Aangemoedigd door de succesvolle aanval van “Nordland” ging een dag later ook 39e Pantserkorps in de aanval. In het gebied tussen de Großer Plöner See en het Madü-meer gingen gevechtsgroepen van de 4. SS-Polizei-Panzergrenadier-Division en 5e SS Freiwilligen Sturmbrigade Wallonien in de aanval. Ze ontmoetten weinig tegenstand en tegen de avond heroverden ze Dölitz. Nog meer naar het westen wisten eenheden van de 10. SS-Panzer-Division Frundsberg de voorhoede van het 2e Garde-tankleger te verrassen en Warnitz te heroveren. Maarschalk Zjoekov had dit leger naar het noorden gestuurd om het 2e Wit-Russische Front te ondersteunen, maar ze waren in het pad van het Duitse offensief beland.

Ondertussen hielden de pantsergrenadiers van “Nordland” nog steeds de corridor naar Arnswalde open. Ten oosten van hen bereikten de tanks van Führer-Grenadier-Division en Führer-Begleit-Division Reetz en Liebenow. Ze werden gesteund door Nederlandse Waffen-SS’ers van de 4e SS Freiwilligen-Panzergrenadier-Brigade Nederland. Hier verliep de opmars moeizamer. Het 61ste leger had zich hersteld van zijn aanvankelijke verrassing en de Sovjets hadden zich verschanst achter mijnenvelden. De Duitse verliezen begonnen snel op te lopen.

Op 17 februari had generaal Wenck een vermoeiende bespreking op het hoofdkwartier in Berlijn. Zijn chauffeur was eveneens oververmoeid en generaal Wenck ging zelf achter het stuur van zijn stafauto zitten. Hij viel in slaap en reed op de autobaan Berlijn-Stettin tegen een brugpijler. Zwaargewond werd generaal Wenck afgevoerd.

Een plotse dooi zorgde ervoor dat de zware Duitse tanks verplicht waren om de wegen te volgen in plaats op te rukken door de velden. Op de wegen waren ze een gemakkelijke prooi voor de Sovjet antitankkanonnen en mijnen. De volgende dag gaf Heinrich Himmler het 11e SS-Pantserleger opdracht om zich in te graven en verdere orders af te wachten. Het initiatief was definitief verloren gegaan.

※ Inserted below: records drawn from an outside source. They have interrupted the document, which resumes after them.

(* In the setting of Bandit-MFW (defined in the context), assume $\max_{\mathbf x\in\mathcal C}\|\nabla f_t(\mathbf x)\|\le G$ and $\sup_{\mathbf x\in\mathcal C}f_t(\mathbf x)\le M_1$ for all $t$. Let $\mathbf x^*\in\arg\max_{\mathbf x\in\mathcal C}\sum_{t=1}^Tf_t(\mathbf x)$, $\mathbf x^*_\delta\in\arg\max_{\mathbf x\in\mathcal C'}\sum_{t=1}^Tf_t(\mathbf x)$, $\tilde{\mathbf x}^*_\delta=(\mathbf x^*_\delta-\delta\mathbf 1)\oslash(\mathbf 1-\delta\mathbf 1)$ and $\tilde{\mathbf x}_q^{(K)}=(\mathbf x_q^{(K)}-\delta\mathbf 1)\oslash(\mathbf 1-\delta\mathbf 1)$. Then $$\sum_{t=1}^T\frac1ef_t(\mathbf x^* )-\sum_{t=1}^Tf_t(\mathbf y_t)\le L\sum_{q=1}^Q\frac1e\bar F_q(\tilde{\mathbf x}^*_\delta)-L\sum_{q=1}^Q\bar F_q(\tilde{\mathbf x}_q^{(K)})+2M_1KQ+\Big((\sqrt n+1)\frac{r(\mathcal C)}r+\sqrt n+2\Big)TG\delta.$$
   Context: Notation: $\odot$, $\oslash$ coordinatewise product/division; $\mathbf 0,\mathbf 1$ all-zeros/all-ones vectors; $\|\cdot\|$ Euclidean norm; $B^n$ closed unit ball, $S^{n-1}$ unit sphere; $r(\mathcal C)=\max_{\mathbf x\in\mathcal C}\|\mathbf x\|$. $\mathcal C\subseteq[0,1]^n$ is down-closed convex (i.e. $\mathbf y\in\mathcal C$, $\mathbf 0\le\mathbf x\le\mathbf y$ imply $\mathbf x\in\mathcal C$), $\mathbf 0\in\mathcal C$, and $rB^n_{\ge0}\subseteq\mathcal C$ with $B^n_{\ge0}=B^n\cap\mathbb R^n_+$, $r>0$; $0<\delta<\frac r{\sqrt n+1}$, $\alpha=\frac{(\sqrt n+1)\delta}r$, $\mathcal C'=(1-\alpha)\mathcal C+\delta\mathbf 1$. Each $f_t$ ($t\in[T]$, fixed in advance) is nonnegative, differentiable, DR-submodular ($\nabla f(\mathbf x)\le\nabla f(\mathbf y)$ when $\mathbf x\ge\mathbf y$) and $L_0$-smooth on $[-\delta,1+\delta]^n$. Smoothing: $\hat f_{t,\delta}(\mathbf x)=\mathbb E_{\mathbf v\sim B^n}f_t(\mathbf x+\delta\mathbf v)$ ($\mathbf v$ uniform in $B^n$). $T=LQ$, $K\le L$. Bandit-MFW: oracles $\mathcal E^{(1)},\dots,\mathcal E^{(K)}$ over $\mathcal C'$; blocks $q=1,\dots,Q$ of rounds $(q-1)L+1,\dots,qL$. In block $q$: $\mathbf x_q^{(0)}=\delta\mathbf 1$; for $k\in[K]$, $\mathbf v_q^{(k)}\in\mathcal C'$ is the output of $\mathcal E^{(k)}$, $\tilde{\mathbf v}_q^{(k)}=(\mathbf v_q^{(k)}-\delta\mathbf 1)\oslash(\mathbf 1-\delta\mathbf 1)$, $\mathbf x_q^{(k)}=\mathbf x_q^{(k-1)}+\frac1K\tilde{\mathbf v}_q^{(k)}\odot(\mathbf 1-\mathbf x_q^{(k-1)})$; a uniformly random permutation $(t_q^{(1)},\dots,t_q^{(L)})$ of the block's rounds is drawn; in round $t_q^{(k)}$, $k\le K$, play $\mathbf y_t=\mathbf x_q^{(k)}+\delta\mathbf u_q^{(k)}$ with $\mathbf u_q^{(k)}$ uniform on $S^{n-1}$; in other rounds of the block play $\mathbf y_t=\mathbf x_q^{(K)}$; then $\mathbf g_q^{(0)}=\mathbf 0$, $\mathbf g_q^{(k)}=(1-\eta_k)\mathbf g_q^{(k-1)}+\eta_k\frac n\delta f_{t_q^{(k)}}(\mathbf x_q^{(k)}+\delta\mathbf u_q^{(k)})\mathbf u_q^{(k)}$, $\tilde{\mathbf x}_q^{(k)}=(\mathbf x_q^{(k)}-\delta\mathbf 1)\oslash(\mathbf 1-\delta\mathbf 1)$, and $(\mathbf 1-\tilde{\mathbf x}_q^{(k)})\odot\mathbf g_q^{(k)}$ is fed to $\mathcal E^{(k)}$. Block averages: $\bar F_q(\mathbf x)=\frac1L\sum_{m=(q-1)L+1}^{qL}\hat f_{m,\delta}\big((\mathbf 1-\delta\mathbf 1)\odot\mathbf x+\delta\mathbf 1\big)$. *)

theory Defs
  imports "HOL-Analysis.Analysis"
begin
(* For integers $0\le l\le m$ define $B_{l,m}:=\dfrac{A_{l,m}}{2^{l}(m+1-l)_{2l}}$. Then $B_{m,m}=1$, $B_{m-1,m}=2m+1$ (for $m\ge1$), $$B_{l-1,m}=(2m+1)B_{l,m}-(m-l)(m+l+1)B_{l+1,m}\qquad(1\le l\le m-1),$$ and every $B_{l,m}$ ($0\le l\le m$) is an odd integer.
   Context: $A_{l,m}=\frac{l!\,m!}{2^{m-l}}\sum_{k=l}^{m}2^{k}\binom{2m-2k}{m-k}\binom{m+k}{k}\binom{k}{l}$ (equivalently $l!m!2^{m+l}d_{l,m}$ with $d_{l,m}=2^{-2m}\sum_{k=l}^{m}2^{k}\binom{2m-2k}{m-k}\binom{m+k}{m}\binom{k}{l}$). $(x)_k=x(x+1)\cdots(x+k-1)$ for $k\ge1$, $(x)_0=1$. *)

theory Defs
  imports Complex_Main
begin

definition A :: "nat \<Rightarrow> nat \<Rightarrow> real" where
  "A l m = fact l * fact m / 2 ^ (m - l) *
     (\<Sum>k = l..m. 2 ^ k * real ((2*m - 2*k) choose (m - k)) * real ((m + k) choose k) * real (k choose l))"

definition B :: "nat \<Rightarrow> nat \<Rightarrow> real" where
  "B l m = A l m / (2 ^ l * pochhammer (real m + 1 - real l) (2 * l))"

end

theory Submission
  imports Defs
begin

(*
  Write c_k = 2^k C(2m-2k, m-k) C(m+k, k) for the coefficients appearing in A_{l,m}
  and M_j = sum_k c_k C(k, j) for their binomial moments (M_j = f^(j)(1)/j! where
  f(x) = sum_k c_k x^k).  Unfolding the definitions, B_{l,m} = m!/2^m * w_l * M_l with
  the weight w_l = l! (m-l)! / (m+l)!.

  The coefficients satisfy the first-order recurrence
    (k+1)(2m-2k-1) c_{k+1} = (m-k)(m+k+1) c_k,
  and summing it against binomial coefficients (an index shift, after expanding the
  polynomial weights in the binomial basis C(k,j), C(k,j+1), C(k,j+2)) yields the
  three-term recurrence
    (m-j)(m+j+1) M_j = (2m+1)(j+1) M_{j+1} - (j+1)(j+2) M_{j+2}.
  Together with (l+1) w_l = (m-l)(m+l+1) w_{l+1} this is exactly the claimed recurrence
  for B.  With B_{m,m} = 1 and B_{m-1,m} = 2m+1 it generates all B_{l,m} downwards from
  l = m; since the multiplier (m-l)(m+l+1) is a product of two numbers of opposite
  parity, all B_{l,m} are odd integers.
*)

lemma real_Suc_times_binomial:
  "real (Suc n) * real (n choose k) = real (Suc n choose Suc k) * real (Suc k)"
  by (metis Suc_times_binomial_eq of_nat_mult)

lemma central_binomial_step:
  "real (Suc r) * real ((2*r+2) choose (r+1)) = 2 * (2 * real r + 1) * real ((2*r) choose r)"
proof -
  define X where "X = real (Suc (2*r) choose Suc r)"
  have sym: "Suc (2*r) choose r = Suc (2*r) choose Suc r"
    using binomial_symmetric[of r "Suc (2*r)"] by simp
  have "real (Suc r) * real ((2*r+2) choose (r+1)) = real (Suc (Suc (2*r))) * X"
    using real_Suc_times_binomial[of "Suc (2*r)" r] unfolding X_def sym by simp
  also have "\<dots> = 2 * (X * real (Suc r))"
    by simp
  also have "X * real (Suc r) = real (Suc (2*r)) * real ((2*r) choose r)"
    using real_Suc_times_binomial[of "2*r" r] unfolding X_def by simp
  finally show ?thesis by simp
qed

definition coeff :: "nat \<Rightarrow> nat \<Rightarrow> real" where
  "coeff m k = 2 ^ k * real ((2*m - 2*k) choose (m - k)) * real ((m + k) choose k)"

lemma coeff_step:
  assumes "k < m"
  shows "real (Suc k) * (2 * real m - 2 * real k - 1) * coeff m (Suc k)
       = (real m - real k) * (real m + real k + 1) * coeff m k"
proof -
  obtain r where m: "m = Suc (k + r)" using assms less_imp_Suc_add by blast
  have idx: "2*m - 2*k = 2*r+2" "m - k = r+1" "2*m - 2*Suc k = 2*r" "m - Suc k = r"
    using m by auto
  have upper: "real (Suc (m+k)) * real ((m+k) choose k) = real (m + Suc k choose Suc k) * real (Suc k)"
    using real_Suc_times_binomial[of "m+k" k] by simp
  have "real (Suc k) * (2 * real m - 2 * real k - 1) * coeff m (Suc k)
      = 2 ^ k * (2 * (2 * real r + 1) * real ((2*r) choose r)) * (real (m + Suc k choose Suc k) * real (Suc k))"
    unfolding coeff_def idx using m by (simp add: algebra_simps del: binomial_Suc_Suc)
  also have "\<dots> = 2 ^ k * (real (Suc r) * real ((2*r+2) choose (r+1))) * (real (Suc (m+k)) * real ((m+k) choose k))"
    by (simp only: central_binomial_step upper)
  also have "\<dots> = (real m - real k) * (real m + real k + 1) * coeff m k"
    unfolding coeff_def idx using m by (simp add: algebra_simps del: binomial_Suc_Suc)
  finally show ?thesis .
qed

Op 18 februari had maarschalk Zjoekov voldoende troepen verzameld om in de tegenaanval te gaan. Het 2e Garde-tankleger, het 47ste leger en het 3e Stoottroepenleger begonnen hun aanval op Pommeren. Hun aanval verlichtte de druk op het 61ste leger en in de loop van de dag begon het 11de SS-Pantserleger zich terug te trekken. Enkele dagen later wierp hij ook het 1e Poolse Leger in de strijd. In plaats van enkele eenheden was de volledige rechtervleugel van het 1ste Witrussische Front nu actief betrokken in de strijd om Pommeren.

Resultaat[bewerken | brontekst bewerken]

Hoewel operatie Sonnenwende een tactische nederlaag was, leidde de aanval toch een onverhoopt strategische succes voor de Duitsers aan het oostfront. De actie van het 11e SS-pantserleger versterkte Stavka in hun overtuiging dat eerst de flanken moesten worden opgeruimd vooraleer men aan de aanval op Berlijn kon beginnen. Maarschalk Zjoekov kreeg bevel om zijn voorbereidingen op te schorten en zijn front naar het noorden te richten om samen met het 2e Wit-Russische Front Pommeren te zuiveren en de havens aan de Baltische Kust te veroveren. Ondertussen moest maarschalk Ivan Koniev in het zuiden Silezië zuiveren.

Operatie Sonnenwende had Berlijn van de ondergang gered, maar het was slechts een uitstel van enkele maanden geweest.